(* Let $\mathcal{R}=(\mathcal{W},\mathcal{R}_1,\mathcal{R}_2)$ with $\mathcal{W}=\{1,\dots,m\}$, let $\mathcal{S}$, $L$, $K_1,\dots,K_4$ be constructed from $\mathcal{R}$ as below, and let $\mathcal{T}$ be a solution to the $\mathcal{S}$-cyclic triomino problem. For $s\in\mathbb{Z}^2$: if $p(s,1)$ holds, then $q(s+u_j,1)$ holds for every $1\le j\le 4$; and if $q(s,1)$ holds, then $p(s+u_j,1)$ holds for every $1\le j\le 4$.
   Context: A domino set is $\mathcal{R}=(\mathcal{W},\mathcal{R}_1,\mathcal{R}_2)$ with $\mathcal{W}$ non-empty finite and $\mathcal{R}_1,\mathcal{R}_2\subset\mathcal{W}^2$; here $\mathcal{W}=\{1,\dots,m\}$. Let $u_1=(1,0),u_2=(0,1),u_3=(-1,0),u_4=(0,-1)$, indices mod 4. Fix $n\ge 2m+1$ and regard integers as elements of $\mathbb{Z}_n$. Let $L=\{(w,0,0): w\in\mathcal{W}\}$, $K_1=L\cup\{(0,b,a):(a,b)\in\mathcal{R}_1\}$, $K_2=L\cup\{(0,a,b):(a,b)\in\mathcal{R}_2\}$, $K_3=L\cup\{(0,a,b):(a,b)\in\mathcal{R}_1\}$, $K_4=L\cup\{(0,b,a):(a,b)\in\mathcal{R}_2\}$, with $K_{i+4}=K_i$. Let $\mathcal{V}=\mathbb{Z}_n$, $\mathcal{S}_i=\{(a+k,b+k,c+k):(a,b,c)\in K_i, k\in\mathcal{V}\}$, $\mathcal{S}_{i+4}=\mathcal{S}_i$, and $\mathcal{S}=(\mathcal{V},\mathcal{S}_1,\dots,\mathcal{S}_4)$. A solution to the $\mathcal{S}$-cyclic triomino problem is a function $\mathcal{T}:\mathbb{Z}^2\to\mathcal{V}$ with $(\mathcal{T}(s),\mathcal{T}(s+u_i),\mathcal{T}(s+u_{i+1}))\in\mathcal{S}_i$ for all $s$ and $1\le i\le 4$. For $s\in\mathbb{Z}^2$, $i\in\mathbb{Z}$, $p(s,i)$ is the statement $(\mathcal{T}(s),\mathcal{T}(s+u_i),\mathcal{T}(s+u_{i+1}))\in L$ and $q(s,i)$ is the statement $(\mathcal{T}(s),\mathcal{T}(s+u_i),\mathcal{T}(s+u_{i+1}))\in K_i\setminus L$. *)

theory Defs
  imports Main
begin

text \<open>Elements of Z_n are represented by their canonical representatives in {0..<n} (ints).
  The alphabet W = {1..m}; domino relations R1, R2 are sets of pairs in W x W.\<close>

definition shift :: "int \<times> int \<Rightarrow> int \<times> int \<Rightarrow> int \<times> int" where
  "shift s v = (fst s + fst v, snd s + snd v)"

definition u :: "int \<Rightarrow> int \<times> int" where
  "u i = (if i mod 4 = 1 then (1,0) else if i mod 4 = 2 then (0,1)
          else if i mod 4 = 3 then (-1,0) else (0,-1))"

definition Lset :: "int \<Rightarrow> (int \<times> int \<times> int) set" where
  "Lset m = {(w,0,0) | w. w \<in> {1..m}}"

definition Kset :: "int \<Rightarrow> (int \<times> int) set \<Rightarrow> (int \<times> int) set \<Rightarrow> int \<Rightarrow> (int \<times> int \<times> int) set" where
  "Kset m R1 R2 i = Lset m \<union>
     (if i mod 4 = 1 then {(0,b,a) | a b. (a,b) \<in> R1}
      else if i mod 4 = 2 then {(0,a,b) | a b. (a,b) \<in> R2}
      else if i mod 4 = 3 then {(0,a,b) | a b. (a,b) \<in> R1}
      else {(0,b,a) | a b. (a,b) \<in> R2})"

definition Sset :: "int \<Rightarrow> int \<Rightarrow> (int \<times> int) set \<Rightarrow> (int \<times> int) set \<Rightarrow> int \<Rightarrow> (int \<times> int \<times> int) set" where
  "Sset n m R1 R2 i = {((a + k) mod n, (b + k) mod n, (c + k) mod n) | a b c k.
                          (a,b,c) \<in> Kset m R1 R2 i}"

definition triple :: "(int \<times> int \<Rightarrow> int) \<Rightarrow> int \<times> int \<Rightarrow> int \<Rightarrow> int \<times> int \<times> int" where
  "triple T s i = (T s, T (shift s (u i)), T (shift s (u (i + 1))))"

definition is_solution :: "int \<Rightarrow> int \<Rightarrow> (int \<times> int) set \<Rightarrow> (int \<times> int) set \<Rightarrow> (int \<times> int \<Rightarrow> int) \<Rightarrow> bool" where
  "is_solution n m R1 R2 T \<longleftrightarrow> (\<forall>s. T s \<in> {0..<n}) \<and>
     (\<forall>s. \<forall>i\<in>{1..4}. triple T s i \<in> Sset n m R1 R2 i)"

definition p :: "int \<Rightarrow> (int \<times> int \<Rightarrow> int) \<Rightarrow> int \<times> int \<Rightarrow> int \<Rightarrow> bool" where
  "p m T s i \<longleftrightarrow> triple T s i \<in> Lset m"

definition q :: "int \<Rightarrow> (int \<times> int) set \<Rightarrow> (int \<times> int) set \<Rightarrow> (int \<times> int \<Rightarrow> int) \<Rightarrow> int \<times> int \<Rightarrow> int \<Rightarrow> bool" where
  "q m R1 R2 T s i \<longleftrightarrow> triple T s i \<in> Kset m R1 R2 i - Lset m"

end

theory Submission
  imports Defs
begin

text \<open>Read the values of a solution as heights on the cycle \<open>Z_n\<close> and say that \<open>y\<close> rises
  above \<open>x\<close> if \<open>y - x\<close> is one of \<open>1, \<dots>, m\<close> mod \<open>n\<close>; since \<open>n \<ge> 2m + 1\<close> this relation is
  asymmetric. A corner triple is a translate of some \<open>(w, 0, 0)\<close> or of some \<open>(0, b, a)\<close>: either
  both neighbours of the corner agree and lie below the centre, or both rise above it. Going
  round the four corners, every site is a peak (four equal neighbours below it) or a valley (four
  neighbours above it), and asymmetry forces peaks and valleys to alternate. Now \<open>p(s,1)\<close> makes
  \<open>s\<close> a peak over the value \<open>0\<close>, so its neighbours are valleys of height \<open>0\<close>, where the corner
  triple is an untranslated element of \<open>K_1 \<setminus> L\<close>; and \<open>q(s,1)\<close> makes \<open>s\<close> a valley of height
  \<open>0\<close>, so its neighbours are peaks over \<open>0\<close>, whose corner triples lie in \<open>L\<close>.\<close>

definition rises :: "int \<Rightarrow> int \<Rightarrow> int \<Rightarrow> int \<Rightarrow> bool" where
  "rises n m x y \<longleftrightarrow> (y - x) mod n \<in> {1..m}"

definition peak :: "int \<Rightarrow> int \<Rightarrow> (int \<times> int \<Rightarrow> int) \<Rightarrow> int \<times> int \<Rightarrow> bool" where
  "peak n m T s \<longleftrightarrow> (\<forall>j\<in>{1..4}.
     T (shift s (u j)) = T (shift s (u 1)) \<and> rises n m (T (shift s (u j))) (T s))"

definition valley :: "int \<Rightarrow> int \<Rightarrow> (int \<times> int \<Rightarrow> int) \<Rightarrow> int \<times> int \<Rightarrow> bool" where
  "valley n m T s \<longleftrightarrow> (\<forall>j\<in>{1..4}. rises n m (T s) (T (shift s (u j))))"

lemma rises_asym:
  assumes "2 * m < n" "rises n m x y"
  shows "\<not> rises n m y x"
proof
  assume "rises n m y x"
  moreover have "(x - y) mod n = (if (y - x) mod n = 0 then 0 else n - (y - x) mod n)"
    using zmod_zminus1_eq_if[of "y - x" n] by simp
  ultimately show False
    using assms unfolding rises_def by (auto split: if_splits)
qed

lemma rises_from_zero_iff:
  assumes "0 \<le> y" "y < n" "m < n"
  shows "rises n m 0 y \<longleftrightarrow> y \<in> {1..m}"
  using assms by (simp add: rises_def)

lemma rises_translate:
  assumes "x \<in> {1..m}" "m < n"
  shows "rises n m (k mod n) ((x + k) mod n)"
  using assms by (simp add: rises_def mod_diff_eq)

lemma ball_1_to_4: "(\<forall>j\<in>{1..4::int}. P j) \<longleftrightarrow> P 1 \<and> P 2 \<and> P 3 \<and> P 4"
proof -
  have "{1..4::int} = {1, 2, 3, 4}" by auto
  then show ?thesis by simp
qed

lemma neighbour_back:
  assumes "j \<in> {1..4}"
  shows "\<exists>j'\<in>{1..4}. shift (shift s (u j)) (u j') = s"
proof -
  have "j = 1 \<or> j = 2 \<or> j = 3 \<or> j = 4" using assms by auto
  then show ?thesis
    by (elim disjE) (auto simp: shift_def u_def intro!: bexI[of _ "(j + 1) mod 4 + 1"])
qed

lemma Kset_cases:
  assumes "(a, b, c) \<in> Kset m R1 R2 i"
    and "R1 \<subseteq> {1..m} \<times> {1..m}" "R2 \<subseteq> {1..m} \<times> {1..m}"
  obtains "a \<in> {1..m}" "b = 0" "c = 0" | "a = 0" "b \<in> {1..m}" "c \<in> {1..m}"
  using assms unfolding Kset_def Lset_def by (auto split: if_splits)

lemma Sset_cases:
  assumes "(x, y, z) \<in> Sset n m R1 R2 i" "m < n"
    and "R1 \<subseteq> {1..m} \<times> {1..m}" "R2 \<subseteq> {1..m} \<times> {1..m}"
  shows "(y = z \<and> rises n m y x) \<or> (rises n m x y \<and> rises n m x z)"
proof -
  obtain a b c k where xyz: "x = (a + k) mod n" "y = (b + k) mod n" "z = (c + k) mod n"
    and abc: "(a, b, c) \<in> Kset m R1 R2 i"
    using assms(1) unfolding Sset_def by auto
  from abc assms(3,4) show ?thesis
    by (cases rule: Kset_cases) (use xyz rises_translate[OF _ \<open>m < n\<close>] in auto)
qed

lemma Sset1_at_zero:
  assumes "(0, y, z) \<in> Sset n m R1 R2 1" "m < n" "R1 \<subseteq> {1..m} \<times> {1..m}"
  shows "rises n m y 0 \<or> (z, y) \<in> R1"
proof -
  obtain a b c k where abc: "(a, b, c) \<in> Kset m R1 R2 1"
    and xyz: "0 = (a + k) mod n" "y = (b + k) mod n" "z = (c + k) mod n"
    using assms(1) unfolding Sset_def by blast
  show ?thesis
  proof (cases "(a, b, c) \<in> Lset m")
    case True
    then have "a \<in> {1..m}" "b = 0" "c = 0" unfolding Lset_def by auto
    then show ?thesis
      using xyz rises_translate[OF _ \<open>m < n\<close>, of a k] by auto
  next
    case False
    then have "a = 0" "(c, b) \<in> R1" using abc unfolding Kset_def by auto
    moreover have "k mod n = 0" using xyz(1) \<open>a = 0\<close> by simp
    ultimately have "y = b mod n" "z = c mod n"
      using xyz(2,3) by (simp_all add: mod_add_right_eq[symmetric])
    moreover have "b mod n = b" "c mod n = c"
      using \<open>(c, b) \<in> R1\<close> assms(2,3) by auto
    ultimately show ?thesis using \<open>(c, b) \<in> R1\<close> by simp
  qed
qed

lemma solution_corner:
  assumes "is_solution n m R1 R2 T" "i \<in> {1..4}"
  shows "(T s, T (shift s (u i)), T (shift s (u (i + 1)))) \<in> Sset n m R1 R2 i"
  using assms unfolding is_solution_def triple_def by blast

lemma solution_range:
  assumes "is_solution n m R1 R2 T"
  shows "0 \<le> T s" "T s < n"
  using assms unfolding is_solution_def atLeastLessThan_iff by blast+

lemma p1_iff:
  "p m T s 1 \<longleftrightarrow> T s \<in> {1..m} \<and> T (shift s (u 1)) = 0 \<and> T (shift s (u 2)) = 0"
  by (auto simp: p_def triple_def Lset_def)

lemma q1_iff:
  "q m R1 R2 T s 1 \<longleftrightarrow> T s = 0 \<and> (T (shift s (u 2)), T (shift s (u 1))) \<in> R1"
  by (auto simp: q_def triple_def Kset_def Lset_def)

locale triomino_solution =
  fixes n m :: int and R1 R2 :: "(int \<times> int) set" and T :: "int \<times> int \<Rightarrow> int"
  assumes m_pos: "1 \<le> m" and gap: "2 * m < n"
    and R1_range: "R1 \<subseteq> {1..m} \<times> {1..m}" and R2_range: "R2 \<subseteq> {1..m} \<times> {1..m}"
    and solution: "is_solution n m R1 R2 T"
begin

lemma m_less_n: "m < n"
  using m_pos gap by simp

lemma corner:
  assumes "i \<in> {1..4}"
  shows "(T (shift s (u i)) = T (shift s (u (i + 1))) \<and> rises n m (T (shift s (u i))) (T s))
    \<or> (rises n m (T s) (T (shift s (u i))) \<and> rises n m (T s) (T (shift s (u (i + 1)))))"
  using Sset_cases[OF solution_corner[OF solution assms] m_less_n R1_range R2_range] .

text \<open>Once the neighbours at one corner rise, the next corner cannot have its first neighbour
  below the centre, so its neighbours rise as well.\<close>

lemma peak_or_valley: "peak n m T s \<or> valley n m T s"
proof -
  have "u 5 = u 1" by (simp add: u_def)
  note corners = corner[of 1 s, simplified] corner[of 2 s, simplified]
    corner[of 3 s, simplified] corner[of 4 s, simplified, unfolded this]
  have asym: "rises n m x y \<Longrightarrow> \<not> rises n m y x" for x y
    using rises_asym[OF gap] .
  show ?thesis
  proof (cases "rises n m (T s) (T (shift s (u 1)))")
    case True
    then have "valley n m T s"
      using corners(1-3) asym unfolding valley_def ball_1_to_4 by metis
    then show ?thesis ..
  next
    case False
    then have "peak n m T s"
      using corners asym unfolding peak_def ball_1_to_4 by metis
    then show ?thesis ..
  qed
qed

lemma peak_neighbour_valley:
  assumes "peak n m T s" "j \<in> {1..4}"
  shows "valley n m T (shift s (u j))"
proof -
  obtain j' where "j' \<in> {1..4}" "shift (shift s (u j)) (u j') = s"
    using neighbour_back[OF assms(2)] by blast
  moreover have "rises n m (T (shift s (u j))) (T s)"
    using assms unfolding peak_def by blast
  ultimately have "\<not> peak n m T (shift s (u j))"
    using rises_asym[OF gap] unfolding peak_def by metis
  then show ?thesis using peak_or_valley by blast
qed

lemma valley_neighbour_peak:
  assumes "valley n m T s" "j \<in> {1..4}"
  shows "peak n m T (shift s (u j))"
proof -
  obtain j' where "j' \<in> {1..4}" "shift (shift s (u j)) (u j') = s"
    using neighbour_back[OF assms(2)] by blast
  moreover have "rises n m (T s) (T (shift s (u j)))"
    using assms unfolding valley_def by blast
  ultimately have "\<not> valley n m T (shift s (u j))"
    using rises_asym[OF gap] unfolding valley_def by metis
  then show ?thesis using peak_or_valley by blast
qed

lemma valley_at_zero_q1:
  assumes "valley n m T s" "T s = 0"
  shows "q m R1 R2 T s 1"
proof -
  have "(0, T (shift s (u 1)), T (shift s (u 2))) \<in> Sset n m R1 R2 1"
    using solution_corner[OF solution, of 1 s] assms(2) by simp
  moreover have "\<not> rises n m (T (shift s (u 1))) 0"
    using assms rises_asym[OF gap] unfolding valley_def by auto
  ultimately show ?thesis
    using Sset1_at_zero[OF _ m_less_n R1_range] assms(2) q1_iff by blast
qed

lemma p1_neighbour_q1:
  assumes "p m T s 1" "j \<in> {1..4}"
  shows "q m R1 R2 T (shift s (u j)) 1"
proof -
  have "T s \<in> {1..m}" and bottom: "T (shift s (u 1)) = 0"
    using assms(1) p1_iff by blast+
  then have "rises n m (T (shift s (u 1))) (T s)"
    using rises_from_zero_iff[OF solution_range[OF solution] m_less_n] by simp
  then have "\<not> valley n m T s"
    using rises_asym[OF gap] unfolding valley_def ball_1_to_4 by auto
  then have "peak n m T s" using peak_or_valley by blast
  moreover have "T (shift s (u j)) = 0"
    using \<open>peak n m T s\<close> assms(2) bottom unfolding peak_def by auto
  ultimately show ?thesis
    using peak_neighbour_valley[OF _ assms(2)] valley_at_zero_q1 by blast
qed

lemma q1_neighbour_p1:
  assumes "q m R1 R2 T s 1" "j \<in> {1..4}"
  shows "p m T (shift s (u j)) 1"
proof -
  define t where "t = shift s (u j)"
  have bottom: "T s = 0" and "(T (shift s (u 2)), T (shift s (u 1))) \<in> R1"
    using assms(1) q1_iff by blast+
  then have "rises n m (T s) (T (shift s (u 1)))"
    using R1_range rises_from_zero_iff[OF solution_range[OF solution] m_less_n] by auto
  then have "\<not> peak n m T s"
    using rises_asym[OF gap] unfolding peak_def ball_1_to_4 by auto
  then have "valley n m T s" using peak_or_valley by blast
  then have "peak n m T t"
    using valley_neighbour_peak assms(2) unfolding t_def by blast
  have "rises n m 0 (T t)"
    using \<open>valley n m T s\<close> assms(2) bottom unfolding t_def valley_def by force
  then have top: "T t \<in> {1..m}"
    using rises_from_zero_iff[OF solution_range[OF solution] m_less_n] by blast
  obtain j' where j': "j' \<in> {1..4}" "shift t (u j') = s"
    using neighbour_back[OF assms(2)] unfolding t_def by blast
  have "T (shift t (u j')) = T (shift t (u 1))"
    using \<open>peak n m T t\<close> j'(1) unfolding peak_def by blast
  moreover have "T (shift t (u 2)) = T (shift t (u 1))"
    using \<open>peak n m T t\<close> unfolding peak_def ball_1_to_4 by blast
  ultimately have "T (shift t (u 1)) = 0" "T (shift t (u 2)) = 0"
    using j'(2) bottom by simp_all
  then have "p m T t 1" using top by (simp add: p1_iff)
  then show ?thesis unfolding t_def .
qed

end

theorem lemma3p4:
  fixes m n :: int and R1 R2 :: "(int \<times> int) set" and T :: "int \<times> int \<Rightarrow> int"
    and s :: "int \<times> int"
  assumes "m \<ge> 1"
    and "R1 \<subseteq> {1..m} \<times> {1..m}" and "R2 \<subseteq> {1..m} \<times> {1..m}"
    and "n \<ge> 2 * m + 1"
    and "is_solution n m R1 R2 T"
  shows "(p m T s 1 \<longrightarrow> (\<forall>j\<in>{1..4}. q m R1 R2 T (shift s (u j)) 1))
       \<and> (q m R1 R2 T s 1 \<longrightarrow> (\<forall>j\<in>{1..4}. p m T (shift s (u j)) 1))"
proof -
  interpret triomino_solution n m R1 R2 T
    using assms by unfold_locales auto
  show ?thesis using p1_neighbour_q1 q1_neighbour_p1 by blast
qed

end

+---+

What lines in the listing include the string "this"? Copy them out.

RESPONSE AREA.
  above \<open>x\<close> if \<open>y - x\<close> is one of \<open>1, \<dots>, m\<close> mod \<open>n\<close>; since \<open>n \<ge> 2m + 1\<close> this relation is
    corner[of 3 s, simplified] corner[of 4 s, simplified, unfolded this]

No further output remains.